Komisyon Adı | : | PLAN VE BÜTÇE KOMİSYONU |
Konu | : | 2024 Yılı Merkezi Yönetim Bütçe Kanunu Teklifi (1/276) ve 2022 Yılı Merkezi Yönetim Kesin Hesap Kanunu Teklifi (1/274) ile Sayıştay tezkereleri |
Dönemi | : | 28 |
Yasama Yılı | : | 2 |
Tarih | : | 26 .10.2023 |
NİLGÜN ÖK (Denizli) - Teşekkür ediyorum Sayın Başkanım.
Sayın Başkan, çok Değerli Bakanım, Plan ve Bütçe Komisyonumuzun değerli üyeleri, kamu kurum ve kuruluşlarımızın temsilcileri, basın mensuplarımız; ben de sizi saygı ve sevgiyle selamlıyorum.
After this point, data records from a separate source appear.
lemma hderiv_mset_eq:
  fixes f :: "'a::real_normed_vector \<Rightarrow> 'b::real_normed_vector"
  assumes S: "open S" and f: "smooth_on S f"
  shows "length vs = l \<Longrightarrow> mset vs = mset ws \<Longrightarrow> x \<in> S \<Longrightarrow> hderiv l f x vs = hderiv l f x ws"
proof (induction l arbitrary: x vs ws)
  case (Suc l)
  have tail: "hderiv (Suc l) f x (c # ys) = hderiv (Suc l) f x (c # zs)"
    if "mset ys = mset zs" "length ys = l" for c ys zs
    using frechet_derivative_cong_open[OF S Suc.prems(3), of "\<lambda>y. hderiv l f y ys" "\<lambda>y. hderiv l f y zs"]
      Suc.IH[OF that(2,1)] by simp
  obtain a vs' where vs: "vs = a # vs'" "length vs' = l"
    using Suc.prems(1) by (metis length_Suc_conv)
  obtain b ws' where ws: "ws = b # ws'"
    using Suc.prems(1,2) by (metis length_Suc_conv size_mset)
  have eq: "add_mset a (mset vs') = add_mset b (mset ws')" using Suc.prems(2) vs ws by simp
  show ?case
  proof (cases "a = b")
    case True
    then show ?thesis using tail eq vs ws by simp
  next
    case False
    \<comment> \<open>bring \<open>b\<close> to the second slot of \<open>vs\<close>, swap the first two slots, and compare tails\<close>
    define rest where "rest = remove1 b vs'"
    have "b \<in> set vs'" using eq False by (metis insert_noteq_member set_mset_mset)
    then have m1: "mset vs' = mset (b # rest)" by (simp add: rest_def)
    then have lr: "length vs' = Suc (length rest)" by (metis size_mset length_Cons)
    have m2: "mset (a # rest) = mset ws'" using eq m1 by simp
    have "hderiv (Suc l) f x vs = hderiv (Suc l) f x (a # b # rest)"
      using tail[OF m1 vs(2)] vs by simp
    also have "\<dots> = hderiv (Suc l) f x (b # a # rest)"
      using hderiv_swap[OF S f Suc.prems(3), of rest "length rest" a b] lr vs(2) by simp
    also have "\<dots> = hderiv (Suc l) f x ws"
      using tail[OF m2] lr vs(2) ws by simp
    finally show ?thesis .
  qed
qed simp

section \<open>Higher derivatives of pseudo-holomorphic maps\<close>

lemma jet_vanishes_imp_vanishes_to_order_dir_deriv:
  "jet_vanishes k u z \<Longrightarrow> vanishes_to_order k (dir_deriv u v) z"
  unfolding jet_vanishes_def vanishes_to_order_def
proof (intro allI impI)
  fix l and vs :: "complex list"
  assume "\<forall>l\<in>{1..k}. \<forall>vs. length vs = l \<longrightarrow> hderiv l u z vs = 0" "l < k" "length vs = l"
  then show "hderiv l (dir_deriv u v) z vs = 0"
    using hderiv_snoc[of vs l u z v] by simp
qed
(* Let $p$ be a prime and let $q\in\mathbb{C}_p$ with $|1-q|_p<p^{-1/(p-1)}$ and $q\neq 1$. Then the numbers $\widetilde{\beta}_{n,q}=\int_{\mathbb{Z}_p}[x]_q^n\,d\mu_0(x)$, $n\ge 0$, satisfy $\widetilde{\beta}_{0,q}=1$ and, for every $n\ge 1$, $$\sum_{k=0}^{n}\binom{n}{k}q^k\,\widetilde{\beta}_{k,q}-\widetilde{\beta}_{n,q}=\begin{cases}\dfrac{\log q}{q-1}, & n=1,\\[2mm] 0, & n>1.\end{cases}$$ Moreover, for every $n\ge 0$, $$\widetilde{\beta}_{n,q}=\frac{1}{(1-q)^n}\left(1+\sum_{l=1}^{n}\binom{n}{l}(-1)^{l-1}\frac{l\log q}{1-q^{l}}\right).$$
   Context: $\mathbb{Z}_p$, $\mathbb{Q}_p$, $\mathbb{C}_p$ denote the $p$-adic integers, the $p$-adic numbers, and the completion of an algebraic closure of $\mathbb{Q}_p$. For $q\in\mathbb{C}_p$ with $|1-q|_p<p^{-1/(p-1)}$ one sets $q^x=\exp(x\log q)$ for $x\in\mathbb{Z}_p$ ($p$-adic exponential and logarithm), and $[x]_q=\frac{1-q^x}{1-q}$. For a uniformly differentiable function $f:\mathbb{Z}_p\to\mathbb{C}_p$, the $p$-adic invariant (Volkenborn) integral is $\int_{\mathbb{Z}_p}f(x)\,d\mu_0(x)=\lim_{N\to\infty}p^{-N}\sum_{x=0}^{p^N-1}f(x)$. The modified $q$-Bernoulli numbers are $\widetilde{\beta}_{n,q}=\int_{\mathbb{Z}_p}[x]_q^n\,d\mu_0(x)$. *)

theory Defs
  imports "HOL-Analysis.Analysis" "HOL-Computational_Algebra.Polynomial"
begin

definition nonarch_abs :: "('a::field \<Rightarrow> real) \<Rightarrow> bool" where
  "nonarch_abs v \<longleftrightarrow>
     (\<forall>x. v x \<ge> 0) \<and> (\<forall>x. v x = 0 \<longleftrightarrow> x = 0) \<and>
     (\<forall>x y. v (x * y) = v x * v y) \<and>
     (\<forall>x y. v (x + y) \<le> max (v x) (v y))"

definition vtendsto :: "('a::field \<Rightarrow> real) \<Rightarrow> (nat \<Rightarrow> 'a) \<Rightarrow> 'a \<Rightarrow> bool" where
  "vtendsto v f L \<longleftrightarrow> (\<forall>e>0. \<exists>N. \<forall>n\<ge>N. v (f n - L) < e)"

definition vconverges :: "('a::field \<Rightarrow> real) \<Rightarrow> (nat \<Rightarrow> 'a) \<Rightarrow> bool" where
  "vconverges v f \<longleftrightarrow> (\<exists>L. vtendsto v f L)"

definition vlim :: "('a::field \<Rightarrow> real) \<Rightarrow> (nat \<Rightarrow> 'a) \<Rightarrow> 'a" where
  "vlim v f = (THE L. vtendsto v f L)"

definition vcauchy :: "('a::field \<Rightarrow> real) \<Rightarrow> (nat \<Rightarrow> 'a) \<Rightarrow> bool" where
  "vcauchy v f \<longleftrightarrow> (\<forall>e>0. \<exists>N. \<forall>m\<ge>N. \<forall>n\<ge>N. v (f m - f n) < e)"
Öncelikle bütçemizin hazırlanmasında emeği geçen başta Cumhurbaşkanı Yardımcımız, Strateji Bütçe Başkanlığımız olmak üzere tüm bürokratlarımıza teşekkürlerimi sunuyorum. Tabii ki en büyük teşekkürü de bize 22'nci kez bütçe yapma hakkını veren ve Türkiye Yüzyılı'nın ilk bütçesini sunmamıza fırsat tanıyan aziz milletimize yapmak istiyorum.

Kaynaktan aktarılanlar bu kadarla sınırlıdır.